# glow tape



## mf720 (Jul 11, 2009)

Hey all,

Not sure if I'm posting this in the right place... but I'm looking for glow tape. Does anyone know of a store that sells it? It's too late to order it from anywhere.

Thanks,
Melissa


----------



## Jinglish (Jul 11, 2009)

A Google product search revealed that The Home Depot has it some on their site. You might able to find it at one of their stores or another hardware store.


----------



## NickJones (Jul 11, 2009)

Any theatrical supply stores will probably stock it. Shouldn't be too hard to get hold of, if not try getting glow paint or if you can't get that, I have glow crayons as spares.
Nick


----------



## thatactorguy (Jul 11, 2009)

Adding to Nick's post, check department stores with craft sections for glow paint also. I picked up a couple bottles at Wal-Mart a few years ago when we needed some right away after we discovered we were out of glow tape. The bottles you'll find are small, like 2 oz, but pick up a few and they should get you through the show until you can order some tape...


----------



## Grog12 (Jul 13, 2009)

Depends on what part of New York you're in...if you're in the City or close to it there's multiple places for you to buy. Out side of it you may be a little SoL.


----------



## RussWig (Jul 13, 2009)

In a pinch you could also use stickers that glow like the stars you had in your bedroom as a kid. Check Imaginarium or similar stores. Any theatrical rigging/rental company should have glow tape.

RW...


----------



## Grog12 (Jul 14, 2009)

Yeah you could but the sticky part sucks... and then your spikes get moved real easy


----------



## Van (Jul 14, 2009)

RussWig said:


> In a pinch you could also use stickers that glow like the stars you had in your bedroom as a kid. ......


 
Score one for the newbie ! That's a great idea IMHO. as far as the sucky stickiness of those little stars... we tend to put a piece of clear packing tape over our glow spikes cause even glow tape has stick issues. 
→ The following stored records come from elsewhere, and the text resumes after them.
definition cyl_lam_stable :: "(nat \<Rightarrow> complex) \<Rightarrow> nat \<Rightarrow> nat \<Rightarrow> (nat \<Rightarrow> nat) \<Rightarrow> real \<Rightarrow> bool" where
  "cyl_lam_stable V d n it th0 \<longleftrightarrow>
     (\<exists>q s. s \<in> base V d n it th0 \<and> q 0 = (s, th0) \<and> lam_plus_stable V d n it q) \<and>
     (\<exists>q s. s \<in> base V d n it th0 \<and> q 0 = (s, th0) \<and> lam_minus_stable V d n it q)"

fun thk :: "(nat \<Rightarrow> complex) \<Rightarrow> nat \<Rightarrow> (nat \<Rightarrow> nat) \<Rightarrow> real \<Rightarrow> nat \<Rightarrow> real" where
  "thk V d it th0 0 = th0"
| "thk V d it th0 (Suc k) = beta V d (it k) (it (Suc k)) - thk V d it th0 k"

(* Phi_{i,j} on lines: oriented length t(s,th) and new parameter s' *)
definition tlen :: "(nat \<Rightarrow> complex) \<Rightarrow> nat \<Rightarrow> nat \<Rightarrow> nat \<Rightarrow> real \<Rightarrow> real \<Rightarrow> real" where
  "tlen V d i j s \<theta> =
     Im (cnj (u V d j) * (V j - xl V d i s)) / Im (cnj (u V d j) * dir V d i \<theta>)"

definition snew :: "(nat \<Rightarrow> complex) \<Rightarrow> nat \<Rightarrow> nat \<Rightarrow> nat \<Rightarrow> real \<Rightarrow> real \<Rightarrow> real" where
  "snew V d i j s \<theta> =
     S0 V d j + Re (cnj (u V d j) *
        (xl V d i s + complex_of_real (tlen V d i j s \<theta>) * dir V d i \<theta> - V j))"
(* Let $F(x,\theta,\xi)$ be a model with parameter blocks $\theta=(\theta_0,\dots,\theta_L)$ and $\xi=(\xi_0,\dots,\xi_{L-1})$ such that $F(x,\theta,\xi)\in\{-1,+1\}$ for all $x\in\mathcal{X}$. Suppose there exist $a_0,\dots,a_L,b_0,\dots,b_{L-1}>0$ such that whenever $\|\hat\theta_i-\theta_i\|_2\le a_i$ for all $i$ and $\|\hat\xi_i-\xi_i\|_2\le b_i$ for all $i$, we have $|F(x,\theta,\xi)-F(x,\hat\theta,\hat\xi)|<1$ for all $x\in\mathcal{X}$. Then for all $x\in\mathcal{X}$, $m_F((\theta,\xi),x,\mathbf{1}(F(x,\theta,\xi)\ge0))\ge\min\{a_0,\dots,a_L,b_0,\dots,b_{L-1}\}$. The same lower bound holds for $m_{F'}(\theta',x,\mathbf{1}(F'(x,\theta')\ge0))$ for any layer-based weight-shared model $F'(x,\theta')=F(x,\tau^{(1)}(\theta'),\tau^{(2)}(\theta'))$ with $\tau^{(1)}(\theta')=\theta$, $\tau^{(2)}(\theta')=\xi$.
   Context: All-layer margin of an architecture $F$ with parameter vector $\vartheta$: $m_F(\vartheta,x,y)=\min\{\|\delta\|_2:(y-0.5)F(x,\vartheta+\delta)\le0\}$ for $y\in\{0,1\}$. Layer-based weight sharing: $\theta'\in\mathbb{R}^{d'}$, and each component map $\tau^{(1)}_i$ (producing $\theta_i$) and $\tau^{(2)}_i$ (producing $\xi_i$) has the form $\theta'\mapsto(\theta'_{\pi_1},\dots,\theta'_{\pi_{b}})$ for distinct indices $\pi_1,\dots,\pi_b\in[d']$ (no coordinate of $\theta'$ is duplicated within one layer). *)

theory Defs
  imports "HOL-Analysis.Analysis"
begin

text \<open>A parameter block (a vector in R^d) is a real list; a family of blocks is a list of
  such lists. Euclidean norms are taken over all entries.\<close>

definition vnorm :: "real list \<Rightarrow> real" where
  "vnorm v = sqrt (\<Sum>r\<leftarrow>v. r\<^sup>2)"

definition vadd :: "real list \<Rightarrow> real list \<Rightarrow> real list" where
  "vadd u v = map2 (+) u v"

definition vsub :: "real list \<Rightarrow> real list \<Rightarrow> real list" where
  "vsub u v = map2 (-) u v"

definition same_shape :: "real list list \<Rightarrow> real list list \<Rightarrow> bool" where
  "same_shape u v \<longleftrightarrow> length u = length v \<and> (\<forall>i<length u. length (u!i) = length (v!i))"

definition badd :: "real list list \<Rightarrow> real list list \<Rightarrow> real list list" where
  "badd u v = map2 vadd u v"

definition bsqnorm :: "real list list \<Rightarrow> real" where
  "bsqnorm u = (\<Sum>b\<leftarrow>u. \<Sum>r\<leftarrow>b. r\<^sup>2)"

text \<open>All-layer margin of a model F(x,theta,xi) at parameter vector (theta,xi):
  infimum of the Euclidean norm of the full perturbation (delta_theta, delta_xi)
  flipping the prediction; infimum of the empty set is +infinity.\<close>

definition margin2 ::
  "('x \<Rightarrow> real list list \<Rightarrow> real list list \<Rightarrow> real) \<Rightarrow> real list list \<Rightarrow> real list list
    \<Rightarrow> 'x \<Rightarrow> real \<Rightarrow> ereal" where
  "margin2 F \<theta> \<xi> x y = Inf {ereal (sqrt (bsqnorm d\<theta> + bsqnorm d\<xi>)) | d\<theta> d\<xi>.
      same_shape d\<theta> \<theta> \<and> same_shape d\<xi> \<xi> \<and>
      (y - 1/2) * F x (badd \<theta> d\<theta>) (badd \<xi> d\<xi>) \<le> 0}"

text \<open>Layer-based weight sharing: each layer map is given by a list of distinct indices
  into theta' :: R^{d'}.\<close>

definition share :: "nat list list \<Rightarrow> real list \<Rightarrow> real list list" where
  "share P \<theta>' = map (\<lambda>\<pi>. map (\<lambda>j. \<theta>' ! j) \<pi>) P"

definition layer_sharing :: "nat \<Rightarrow> nat list list \<Rightarrow> bool" where
  "layer_sharing d' P \<longleftrightarrow> (\<forall>\<pi>\<in>set P. distinct \<pi> \<and> (\<forall>j\<in>set \<pi>. j < d'))"

definition margin_shared ::
  "('x \<Rightarrow> real list list \<Rightarrow> real list list \<Rightarrow> real) \<Rightarrow> nat list list \<Rightarrow> nat list list
    \<Rightarrow> real list \<Rightarrow> 'x \<Rightarrow> real \<Rightarrow> ereal" where
  "margin_shared F P1 P2 \<theta>' x y = Inf {ereal (vnorm d) | d.
      length d = length \<theta>' \<and>
      (y - 1/2) * F x (share P1 (vadd \<theta>' d)) (share P2 (vadd \<theta>' d)) \<le> 0}"

end

theory Submission
  imports Defs
begin

text \<open>A perturbation flipping the predicted label moves a prediction in {-1, 1} by at
  least 1, so it cannot be within all the robustness radii a_i, b_i at once. Hence one of
  its blocks has norm at least min(a, b), and so does the whole perturbation, since every
  block norm is bounded by the total norm. Under layer-based weight sharing each block of the
  induced perturbation selects distinct coordinates of the perturbation of theta', so its
  norm is again bounded by that of theta'.\<close>

lemma sign_flip_distance:
  fixes s v :: real
  assumes "s \<in> {-1, 1}" and "(of_bool (s \<ge> 0) - 1/2) * v \<le> 0"
  shows "1 \<le> \<bar>s - v\<bar>"
  using assms by (auto simp: mult_le_0_iff)

lemma Min_radii_le_flip_displacement:
  fixes s v r :: real and a b d\<theta> d\<xi> :: "nat \<Rightarrow> real"
  assumes robust: "(\<forall>i\<le>L. d\<theta> i \<le> a i) \<and> (\<forall>i<L. d\<xi> i \<le> b i) \<longrightarrow> \<bar>s - v\<bar> < 1"
    and s: "s \<in> {-1, 1}" and flip: "(of_bool (s \<ge> 0) - 1/2) * v \<le> 0"
    and d\<theta>_le: "\<forall>i\<le>L. d\<theta> i \<le> r" and d\<xi>_le: "\<forall>i<L. d\<xi> i \<le> r"
  shows "Min (a ` {..L} \<union> b ` {..<L}) \<le> r"
proof (rule ccontr)
  assume "\<not> ?thesis"
  moreover have "\<forall>i\<le>L. Min (a ` {..L} \<union> b ` {..<L}) \<le> a i"
    and "\<forall>i<L. Min (a ` {..L} \<union> b ` {..<L}) \<le> b i"
    by (auto intro: Min_le)
  ultimately have "\<forall>i\<le>L. r < a i" "\<forall>i<L. r < b i" by (meson not_le order_less_le_trans)+
  with d\<theta>_le d\<xi>_le have "\<bar>s - v\<bar> < 1"
    using robust by force
  with sign_flip_distance[OF s flip] show False by simp
qed

lemma vsub_vadd: "length u = length v \<Longrightarrow> vsub (vadd u v) u = v"
  unfolding vsub_def vadd_def by (induction u v rule: list_induct2) auto

lemma same_shape_badd: "same_shape d \<theta> \<Longrightarrow> same_shape (badd \<theta> d) \<theta>"
  by (auto simp: same_shape_def badd_def vadd_def)

lemma vsub_badd_nth:
  "same_shape d \<theta> \<Longrightarrow> i < length \<theta> \<Longrightarrow> vsub (badd \<theta> d ! i) (\<theta> ! i) = d ! i"
  by (auto simp: badd_def same_shape_def intro!: vsub_vadd)

lemma bsqnorm_nonneg: "0 \<le> bsqnorm u"
  unfolding bsqnorm_def by (auto intro!: sum_list_nonneg)

lemma vnorm_nth_le_sqrt_bsqnorm:
  assumes "i < length u"
  shows "vnorm (u ! i) \<le> sqrt (bsqnorm u)"
proof -
  have "bsqnorm u = (\<Sum>k<length u. \<Sum>r\<leftarrow>u ! k. r\<^sup>2)"
    unfolding bsqnorm_def by (simp add: sum_list_sum_nth atLeast0LessThan)
  also have "\<dots> \<ge> (\<Sum>r\<leftarrow>u ! i. r\<^sup>2)"
    by (rule member_le_sum) (use assms in \<open>auto intro!: sum_list_nonneg\<close>)
  finally show ?thesis
    unfolding vnorm_def by (rule real_sqrt_le_mono)
qed

lemma vnorm_vsub_badd_nth_le:
  assumes "same_shape d \<theta>" "i < length \<theta>" "0 \<le> c"
  shows "vnorm (vsub (badd \<theta> d ! i) (\<theta> ! i)) \<le> sqrt (bsqnorm d + c)"
proof -
  have "vnorm (vsub (badd \<theta> d ! i) (\<theta> ! i)) = vnorm (d ! i)"
    using assms(1,2) by (simp add: vsub_badd_nth)
  also have "\<dots> \<le> sqrt (bsqnorm d)"
    using assms(1,2) by (intro vnorm_nth_le_sqrt_bsqnorm) (simp add: same_shape_def)
  also have "\<dots> \<le> sqrt (bsqnorm d + c)"
    using assms(3) by simp
  finally show ?thesis .
qed

lemma same_shape_share: "same_shape (share P u) (share P v)"
  by (simp add: same_shape_def share_def)

lemma sum_squares_select_le:
  fixes d :: "real list"
  assumes "distinct \<pi>" "\<forall>j\<in>set \<pi>. j < length d"
  shows "(\<Sum>r\<leftarrow>map (\<lambda>j. d ! j) \<pi>. r\<^sup>2) \<le> (\<Sum>r\<leftarrow>d. r\<^sup>2)"
proof -
  have "(\<Sum>r\<leftarrow>map (\<lambda>j. d ! j) \<pi>. r\<^sup>2) = (\<Sum>j\<in>set \<pi>. (d ! j)\<^sup>2)"
    using assms(1) by (simp add: sum_list_distinct_conv_sum_set o_def)
  also have "\<dots> \<le> (\<Sum>j<length d. (d ! j)\<^sup>2)"
    by (rule sum_mono2) (use assms(2) in auto)
  finally show ?thesis
    by (simp add: sum_list_sum_nth atLeast0LessThan)
qed

lemma vnorm_vsub_share_nth_le:
  assumes "layer_sharing (length \<theta>') P" "i < length P" "length d = length \<theta>'"
  shows "vnorm (vsub (share P (vadd \<theta>' d) ! i) (share P \<theta>' ! i)) \<le> vnorm d"
proof -
  have \<pi>: "distinct (P ! i)" "\<forall>j\<in>set (P ! i). j < length d"
    using assms nth_mem[OF assms(2)] unfolding layer_sharing_def by auto
  have "vsub (share P (vadd \<theta>' d) ! i) (share P \<theta>' ! i) = map (\<lambda>j. d ! j) (P ! i)"
    using assms(2,3) \<pi>(2)
    by (auto simp: share_def vsub_def vadd_def map2_map_map intro!: nth_equalityI)
  then show ?thesis
    unfolding vnorm_def using sum_squares_select_le[OF \<pi>] by (simp add: real_sqrt_le_mono)
qed

lemma ereal_le_margin2I:
  assumes "\<And>d\<theta> d\<xi>. same_shape d\<theta> \<theta> \<Longrightarrow> same_shape d\<xi> \<xi>
      \<Longrightarrow> (y - 1/2) * F x (badd \<theta> d\<theta>) (badd \<xi> d\<xi>) \<le> 0
      \<Longrightarrow> m \<le> sqrt (bsqnorm d\<theta> + bsqnorm d\<xi>)"
  shows "ereal m \<le> margin2 F \<theta> \<xi> x y"
  unfolding margin2_def using assms by (auto intro!: Inf_greatest)

lemma ereal_le_margin_sharedI:
  assumes "\<And>d. length d = length \<theta>'
      \<Longrightarrow> (y - 1/2) * F x (share P1 (vadd \<theta>' d)) (share P2 (vadd \<theta>' d)) \<le> 0
      \<Longrightarrow> m \<le> vnorm d"
  shows "ereal m \<le> margin_shared F P1 P2 \<theta>' x y"
  unfolding margin_shared_def using assms by (auto intro!: Inf_greatest)

lemma margin2_ge_Min_radii:
  fixes F :: "'x \<Rightarrow> real list list \<Rightarrow> real list list \<Rightarrow> real"
  assumes len\<theta>: "length \<theta> = L + 1" and len\<xi>: "length \<xi> = L"
    and sign: "F x \<theta> \<xi> \<in> {-1, 1}"
    and robust: "\<forall>\<theta>h \<xi>h. same_shape \<theta>h \<theta> \<and> same_shape \<xi>h \<xi>
        \<and> (\<forall>i\<le>L. vnorm (vsub (\<theta>h!i) (\<theta>!i)) \<le> a i)
        \<and> (\<forall>i<L. vnorm (vsub (\<xi>h!i) (\<xi>!i)) \<le> b i)
        \<longrightarrow> \<bar>F x \<theta> \<xi> - F x \<theta>h \<xi>h\<bar> < 1"
  shows "ereal (Min (a ` {..L} \<union> b ` {..<L})) \<le> margin2 F \<theta> \<xi> x (of_bool (F x \<theta> \<xi> \<ge> 0))"
proof (rule ereal_le_margin2I)
  fix d\<theta> d\<xi>
  assume sh: "same_shape d\<theta> \<theta>" "same_shape d\<xi> \<xi>"
    and flip: "(of_bool (F x \<theta> \<xi> \<ge> 0) - 1/2) * F x (badd \<theta> d\<theta>) (badd \<xi> d\<xi>) \<le> 0"
  show "Min (a ` {..L} \<union> b ` {..<L}) \<le> sqrt (bsqnorm d\<theta> + bsqnorm d\<xi>)"
  proof (rule Min_radii_le_flip_displacement[OF _ sign flip])
    show "\<forall>i\<le>L. vnorm (vsub (badd \<theta> d\<theta> ! i) (\<theta> ! i)) \<le> sqrt (bsqnorm d\<theta> + bsqnorm d\<xi>)"
      using sh len\<theta> bsqnorm_nonneg by (auto intro!: vnorm_vsub_badd_nth_le)
    show "\<forall>i<L. vnorm (vsub (badd \<xi> d\<xi> ! i) (\<xi> ! i)) \<le> sqrt (bsqnorm d\<theta> + bsqnorm d\<xi>)"
      using sh len\<xi> bsqnorm_nonneg vnorm_vsub_badd_nth_le[of d\<xi> \<xi> _ "bsqnorm d\<theta>"]
      by (simp add: add.commute)
  qed (use robust sh in \<open>simp add: same_shape_badd\<close>)
qed

lemma margin_shared_ge_Min_radii:
  fixes F :: "'x \<Rightarrow> real list list \<Rightarrow> real list list \<Rightarrow> real"
  assumes len\<theta>: "length (share P1 \<theta>') = L + 1" and len\<xi>: "length (share P2 \<theta>') = L"
    and sharing: "layer_sharing (length \<theta>') P1" "layer_sharing (length \<theta>') P2"
    and sign: "F x (share P1 \<theta>') (share P2 \<theta>') \<in> {-1, 1}"
    and robust: "\<forall>\<theta>h \<xi>h. same_shape \<theta>h (share P1 \<theta>') \<and> same_shape \<xi>h (share P2 \<theta>')
        \<and> (\<forall>i\<le>L. vnorm (vsub (\<theta>h!i) (share P1 \<theta>' ! i)) \<le> a i)
        \<and> (\<forall>i<L. vnorm (vsub (\<xi>h!i) (share P2 \<theta>' ! i)) \<le> b i)
        \<longrightarrow> \<bar>F x (share P1 \<theta>') (share P2 \<theta>') - F x \<theta>h \<xi>h\<bar> < 1"
  shows "ereal (Min (a ` {..L} \<union> b ` {..<L}))
    \<le> margin_shared F P1 P2 \<theta>' x (of_bool (F x (share P1 \<theta>') (share P2 \<theta>') \<ge> 0))"
proof (rule ereal_le_margin_sharedI)
  fix d
  assume ld: "length d = length \<theta>'"
    and flip: "(of_bool (F x (share P1 \<theta>') (share P2 \<theta>') \<ge> 0) - 1/2)
      * F x (share P1 (vadd \<theta>' d)) (share P2 (vadd \<theta>' d)) \<le> 0"
  show "Min (a ` {..L} \<union> b ` {..<L}) \<le> vnorm d"
  proof (rule Min_radii_le_flip_displacement[OF _ sign flip])
    show "\<forall>i\<le>L. vnorm (vsub (share P1 (vadd \<theta>' d) ! i) (share P1 \<theta>' ! i)) \<le> vnorm d"
      using len\<theta> vnorm_vsub_share_nth_le[OF sharing(1) _ ld] by (simp add: share_def)
    show "\<forall>i<L. vnorm (vsub (share P2 (vadd \<theta>' d) ! i) (share P2 \<theta>' ! i)) \<le> vnorm d"
      using len\<xi> vnorm_vsub_share_nth_le[OF sharing(2) _ ld] by (simp add: share_def)
  qed (use robust in \<open>simp add: same_shape_share\<close>)
qed

theorem mainTheorem12:
  fixes F :: "'x \<Rightarrow> real list list \<Rightarrow> real list list \<Rightarrow> real"
    and X :: "'x set" and L :: nat
    and \<theta> \<xi> :: "real list list" and a b :: "nat \<Rightarrow> real"
  assumes len\<theta>: "length \<theta> = L + 1" and len\<xi>: "length \<xi> = L"
    and sign: "\<forall>x\<in>X. F x \<theta> \<xi> \<in> {-1, 1}"
    and apos: "\<forall>i\<le>L. a i > 0" and bpos: "\<forall>i<L. b i > 0"
    and robust: "\<forall>\<theta>h \<xi>h. same_shape \<theta>h \<theta> \<and> same_shape \<xi>h \<xi>
        \<and> (\<forall>i\<le>L. vnorm (vsub (\<theta>h!i) (\<theta>!i)) \<le> a i)
        \<and> (\<forall>i<L. vnorm (vsub (\<xi>h!i) (\<xi>!i)) \<le> b i)
        \<longrightarrow> (\<forall>x\<in>X. \<bar>F x \<theta> \<xi> - F x \<theta>h \<xi>h\<bar> < 1)"
  shows "(\<forall>x\<in>X. ereal (Min (a ` {..L} \<union> b ` {..<L}))
            \<le> margin2 F \<theta> \<xi> x (of_bool (F x \<theta> \<xi> \<ge> 0)))
     \<and> (\<forall>d' P1 P2 \<theta>'. length \<theta>' = d' \<and> layer_sharing d' P1 \<and> layer_sharing d' P2
          \<and> share P1 \<theta>' = \<theta> \<and> share P2 \<theta>' = \<xi> \<longrightarrow>
          (\<forall>x\<in>X. ereal (Min (a ` {..L} \<union> b ` {..<L}))
            \<le> margin_shared F P1 P2 \<theta>' x (of_bool (F x (share P1 \<theta>') (share P2 \<theta>') \<ge> 0))))"
proof (intro conjI ballI allI impI)
  fix x assume "x \<in> X"
  then show "ereal (Min (a ` {..L} \<union> b ` {..<L})) \<le> margin2 F \<theta> \<xi> x (of_bool (F x \<theta> \<xi> \<ge> 0))"
    using sign robust by (intro margin2_ge_Min_radii[OF len\<theta> len\<xi>]) blast+
next
  fix d' P1 P2 \<theta>' x
  assume "length \<theta>' = d' \<and> layer_sharing d' P1 \<and> layer_sharing d' P2
      \<and> share P1 \<theta>' = \<theta> \<and> share P2 \<theta>' = \<xi>" and "x \<in> X"
  then show "ereal (Min (a ` {..L} \<union> b ` {..<L}))
      \<le> margin_shared F P1 P2 \<theta>' x (of_bool (F x (share P1 \<theta>') (share P2 \<theta>') \<ge> 0))"
    using len\<theta> len\<xi> sign robust by (intro margin_shared_ge_Min_radii) auto
qed

end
PS I live for glow paint, I like it better than glow tape.


----------



## mf720 (Jul 16, 2009)

Thanks for the advice, everyone. I'll definitely have to look into glow paint as another option. I've never used it before.

Russ... good thinking with the glow stickers, I'll have to remember that one.


----------



## Cashwalker (Jul 22, 2009)

> Score one for the newbie ! That's a great idea IMHO. as far as the sucky stickiness of those little stars... we tend to put a piece of clear packing tape over our glow spikes cause even glow tape has stick issues.
> 
> PS I live for glow paint, I like it better than glow tape.


Why not use Glow Paint on gaff tape? (or whatever suitably sticky tape you can)


----------



## gafftaper (Jul 22, 2009)

Check out party stores and display sorts of stores. Costume places. Mega fabric and craft stores. You should be able to find something. 

I always tape or staple my glow tape down. 

+1 for the kid's star stickers idea.


----------



## thatactorguy (Jul 22, 2009)

Cashwalker said:


> Why not use Glow Paint on gaff tape? (or whatever suitably sticky tape you can)



Pro Tapes and Specialties actually makes that in the form of arrows and dots...

I agree with gafftaper on the stapling. Keeps the stuff in place a LOT better, especially when spiking rougher surfaces...


----------



## ruinexplorer (Jul 23, 2009)

I agree with all of these suggestions for last ditch effort. As a caveat, the quality of these materials often pale in comparison to professional grade. I guess it's similar to using duct tape when you run out of gaffers tape. The quality of the glue has already been expressed and can be easily remedied, but there is also the issue of the glow. I have found that the glow is usually not as bright and will last a much shorter duration which can be problematic for longer running shows. I hope that you found your solution.


----------